▸ **PROMPT**
Read the entries below and pull out each line with the string "that".

▸ **DATA IN THIS EXERCISE**

(* (Uncertainty Principle.) Let $G$ be a locally compact abelian group with dual group $\Gamma$, let $(\mu,\nu)$ be a spectral pair of positive Borel measures on $(G,\Gamma)$ with associated unitary $F\colon\mathcal{L}^2(\mu)\to\mathcal{L}^2(\nu)$, and let $f\in\mathcal{L}^2(\mu)$ with $\|f\|_\mu>0$. Let $\varepsilon,\delta\ge0$. If $A\subset G$ and $B\subset\Gamma$ are measurable sets such that $\|f-\chi_Af\|_\mu\le\varepsilon\|f\|_\mu$ and $\|Ff-\chi_BFf\|_\nu\le\delta\|Ff\|_\nu$, then $(1-\varepsilon-\delta)^2\le\mu(A)\nu(B)$.
   Context: $G$ is written additively; $\Gamma=\hat G$ is the group of continuous homomorphisms $G\to\mathbb{T}$ (unit circle in $\mathbb{C}$), with $G$ identified with the dual of $\Gamma$. Write $\langle x,\xi\rangle$ for the pairing, $e_\xi(x)=e_x(\xi)=\langle x,\xi\rangle$. $(\mu,\nu)$ is a spectral pair if, with $(Ff)(\xi)=\int_G f(x)\overline{e_\xi(x)}\,d\mu(x)$ for $f\in\mathcal{L}^1\cap\mathcal{L}^2(\mu)$, the set $\{Ff\}$ is dense in $\mathcal{L}^2(\nu)$ and $\int_\Gamma|Ff|^2d\nu=\int_G|f|^2d\mu$ for all such $f$; $F$ then extends by continuity to an isometric isomorphism of $\mathcal{L}^2(\mu)$ onto $\mathcal{L}^2(\nu)$. $\chi_A$ denotes the indicator function of $A$. *)

theory Defs
  imports "HOL-Analysis.Analysis"
begin
lemma poly_mapping_bit_eq_sum_monomials:
  "(f :: 'a \<Rightarrow>\<^sub>0 bit) = (\<Sum>m\<in>Poly_Mapping.keys f. monomial m)"
proof (rule poly_mapping_eqI)
  fix k
  have "Poly_Mapping.lookup (\<Sum>m\<in>Poly_Mapping.keys f. monomial m) k =
      (\<Sum>m\<in>Poly_Mapping.keys f. if m = k then 1 else 0)"
    by (simp add: lookup_sum lookup_single when_def)
  also have "\<dots> = Poly_Mapping.lookup f k"
    by (simp add: in_keys_iff)
  finally show "Poly_Mapping.lookup f k = Poly_Mapping.lookup (\<Sum>m\<in>Poly_Mapping.keys f. monomial m) k" ..
qed

lemma poly_mapping_bit_eqI:
  "Poly_Mapping.keys (f :: 'a \<Rightarrow>\<^sub>0 bit) = Poly_Mapping.keys g \<Longrightarrow> f = g"
  by (metis poly_mapping_bit_eq_sum_monomials)

lemma keys_mult_unique_sum:
  fixes f g :: "'a::comm_monoid_add \<Rightarrow>\<^sub>0 bit"
  assumes a: "a \<in> Poly_Mapping.keys f" and b: "b \<in> Poly_Mapping.keys g"
    and unique: "\<And>a' b'. a' \<in> Poly_Mapping.keys f \<Longrightarrow> b' \<in> Poly_Mapping.keys g \<Longrightarrow>
      a' + b' = a + b \<Longrightarrow> a' = a \<and> b' = b"
  shows "a + b \<in> Poly_Mapping.keys (f * g)"
proof -
  have "f * g = (\<Sum>x\<in>Poly_Mapping.keys f. monomial x) * (\<Sum>y\<in>Poly_Mapping.keys g. monomial y)"
    by (metis poly_mapping_bit_eq_sum_monomials)
  also have "\<dots> = (\<Sum>x\<in>Poly_Mapping.keys f. \<Sum>y\<in>Poly_Mapping.keys g. monomial (x + y))"
    by (simp add: sum_product mult_single)
  finally have "Poly_Mapping.lookup (f * g) (a + b) =
      (\<Sum>x\<in>Poly_Mapping.keys f. \<Sum>y\<in>Poly_Mapping.keys g. if x + y = a + b then 1 else 0)"
    by (simp add: lookup_sum lookup_single when_def)
  also have "\<dots> =
      (\<Sum>x\<in>Poly_Mapping.keys f. \<Sum>y\<in>Poly_Mapping.keys g. if x = a \<and> y = b then 1 else 0)"
    by (intro sum.cong refl) (use unique in auto)
  also have "\<dots> = (\<Sum>x\<in>Poly_Mapping.keys f. if x = a then 1 else 0)"
    by (intro sum.cong refl) (use b in auto)
  also have "\<dots> = 1"
    using a by simp
  finally show ?thesis
    by (simp add: in_keys_iff)
qed

lemma Max_keys_mult:
  fixes f g :: "'a::{ordered_cancel_comm_monoid_add, linorder} \<Rightarrow>\<^sub>0 bit"
  assumes "f \<noteq> 0" and "g \<noteq> 0"
  shows "Max (Poly_Mapping.keys f) + Max (Poly_Mapping.keys g) \<in> Poly_Mapping.keys (f * g)"
proof (rule keys_mult_unique_sum)
  fix a b
  assume "a \<in> Poly_Mapping.keys f" "b \<in> Poly_Mapping.keys g"
    and sum: "a + b = Max (Poly_Mapping.keys f) + Max (Poly_Mapping.keys g)"
  then have "a \<le> Max (Poly_Mapping.keys f)" "b \<le> Max (Poly_Mapping.keys g)"
    by simp_all
  then show "a = Max (Poly_Mapping.keys f) \<and> b = Max (Poly_Mapping.keys g)"
    using sum add_less_le_mono[of a "Max (Poly_Mapping.keys f)" b "Max (Poly_Mapping.keys g)"]
    by (auto simp: order.order_iff_strict)
qed (use assms in simp_all)

lemma Min_keys_mult:
  fixes f g :: "'a::{ordered_cancel_comm_monoid_add, linorder} \<Rightarrow>\<^sub>0 bit"
  assumes "f \<noteq> 0" and "g \<noteq> 0"
  shows "Min (Poly_Mapping.keys f) + Min (Poly_Mapping.keys g) \<in> Poly_Mapping.keys (f * g)"
proof (rule keys_mult_unique_sum)
  fix a b
  assume "a \<in> Poly_Mapping.keys f" "b \<in> Poly_Mapping.keys g"
    and sum: "a + b = Min (Poly_Mapping.keys f) + Min (Poly_Mapping.keys g)"
  then have "Min (Poly_Mapping.keys f) \<le> a" "Min (Poly_Mapping.keys g) \<le> b"
    by simp_all
  then show "a = Min (Poly_Mapping.keys f) \<and> b = Min (Poly_Mapping.keys g)"
    using sum add_less_le_mono[of "Min (Poly_Mapping.keys f)" a "Min (Poly_Mapping.keys g)" b]
    by (auto simp: order.order_iff_strict)
qed (use assms in simp_all)

lemma monomial_factor:
  fixes f g :: "'a::{ordered_cancel_comm_monoid_add, linorder} \<Rightarrow>\<^sub>0 bit"
  assumes fg: "f * g = monomial m"
  shows "f = monomial (Max (Poly_Mapping.keys f))"
proof -
  have "f \<noteq> 0" "g \<noteq> 0"
    using fg by auto
  then have "Max (Poly_Mapping.keys f) + Max (Poly_Mapping.keys g) = m"
    and "Min (Poly_Mapping.keys f) + Min (Poly_Mapping.keys g) = m"
    using Max_keys_mult Min_keys_mult fg by fastforce+
  moreover have "Min (Poly_Mapping.keys g) \<le> Max (Poly_Mapping.keys g)"
    using \<open>g \<noteq> 0\<close> by simp
  ultimately have "\<not> Min (Poly_Mapping.keys f) < Max (Poly_Mapping.keys f)"
    using add_less_le_mono by fastforce
  then have "Poly_Mapping.keys f = {Max (Poly_Mapping.keys f)}"
    using \<open>f \<noteq> 0\<close> by (auto intro: order.antisym simp: not_less)
  then show ?thesis
    by (intro poly_mapping_bit_eqI) simp
qed

definition monoid_algebra :: "'a::comm_monoid_add set \<Rightarrow> ('a \<Rightarrow>\<^sub>0 bit) set" where
  "monoid_algebra M = {f. Poly_Mapping.keys f \<subseteq> M}"

lemma monomial_in_monoid_algebra_iff [simp]: "monomial m \<in> monoid_algebra M \<longleftrightarrow> m \<in> M"
  by (simp add: monoid_algebra_def)

lemma zero_in_monoid_algebra: "0 \<in> monoid_algebra M"
  by (simp add: monoid_algebra_def)

lemma one_in_monoid_algebra: "0 \<in> M \<Longrightarrow> 1 \<in> monoid_algebra M"
  by (simp add: monoid_algebra_def)

lemma add_in_monoid_algebra:
  "f \<in> monoid_algebra M \<Longrightarrow> g \<in> monoid_algebra M \<Longrightarrow> f + g \<in> monoid_algebra M"
  unfolding monoid_algebra_def using keys_add[of f g] by blast

lemma uminus_in_monoid_algebra: "f \<in> monoid_algebra M \<Longrightarrow> - f \<in> monoid_algebra M"
  by (simp add: monoid_algebra_def in_keys_iff subset_iff)

lemma mult_in_monoid_algebra:
  assumes "\<And>a b. a \<in> M \<Longrightarrow> b \<in> M \<Longrightarrow> a + b \<in> M"
  shows "f \<in> monoid_algebra M \<Longrightarrow> g \<in> monoid_algebra M \<Longrightarrow> f * g \<in> monoid_algebra M"
  unfolding monoid_algebra_def using keys_mult[of f g] assms by blast

lemma monoid_algebra_square:
  assumes halve: "\<And>m. m \<in> M \<Longrightarrow> \<exists>h\<in>M. h + h = m" and f: "f \<in> monoid_algebra M"
  shows "\<exists>g\<in>monoid_algebra M. f = g * g"
proof -
  have "\<exists>half. \<forall>m\<in>Poly_Mapping.keys f. half m \<in> M \<and> half m + half m = m"
    using halve f by (intro bchoice) (auto simp: monoid_algebra_def)
  then obtain half where half: "\<forall>m\<in>Poly_Mapping.keys f. half m \<in> M \<and> half m + half m = m"
    by blast
  define g where "g = (\<Sum>m\<in>Poly_Mapping.keys f. monomial (half m))"
  have "g * g = (\<Sum>m\<in>Poly_Mapping.keys f. monomial (half m) * monomial (half m))"
    unfolding g_def by (rule sum_times_sum_char_2) (simp add: poly_mapping_bit_add_self)
  also have "\<dots> = f"
    using half by (simp add: poly_mapping_bit_eq_sum_monomials[symmetric])
  finally have "f = g * g" ..
  moreover have "g \<in> monoid_algebra M"
    using keys_sum[of "\<lambda>m. monomial (half m)" "Poly_Mapping.keys f"] half
    by (auto simp: g_def monoid_algebra_def)
  ultimately show ?thesis
    by blast
qed

lemma monoid_algebra_divisor_of_monomial:
  fixes M :: "'a::{ordered_cancel_comm_monoid_add, linorder} set"
  assumes "u \<in> monoid_algebra M" and "w \<in> monoid_algebra M" and "u * w = monomial m"
  obtains a b where "u = monomial a" "w = monomial b" "a \<in> M" "b \<in> M" "a + b = m"
proof -
  obtain a b where "u = monomial a" "w = monomial b"
    using monomial_factor[OF assms(3)] monomial_factor[of w u m] assms(3)
    by (metis mult.commute)
  with assms show ?thesis
    using that by simp
qed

▸ **ANSWER BOX**
(* (Uncertainty Principle.) Let $G$ be a locally compact abelian group with dual group $\Gamma$, let $(\mu,\nu)$ be a spectral pair of positive Borel measures on $(G,\Gamma)$ with associated unitary $F\colon\mathcal{L}^2(\mu)\to\mathcal{L}^2(\nu)$, and let $f\in\mathcal{L}^2(\mu)$ with $\|f\|_\mu>0$. Let $\varepsilon,\delta\ge0$. If $A\subset G$ and $B\subset\Gamma$ are measurable sets such that $\|f-\chi_Af\|_\mu\le\varepsilon\|f\|_\mu$ and $\|Ff-\chi_BFf\|_\nu\le\delta\|Ff\|_\nu$, then $(1-\varepsilon-\delta)^2\le\mu(A)\nu(B)$.
    using that by simp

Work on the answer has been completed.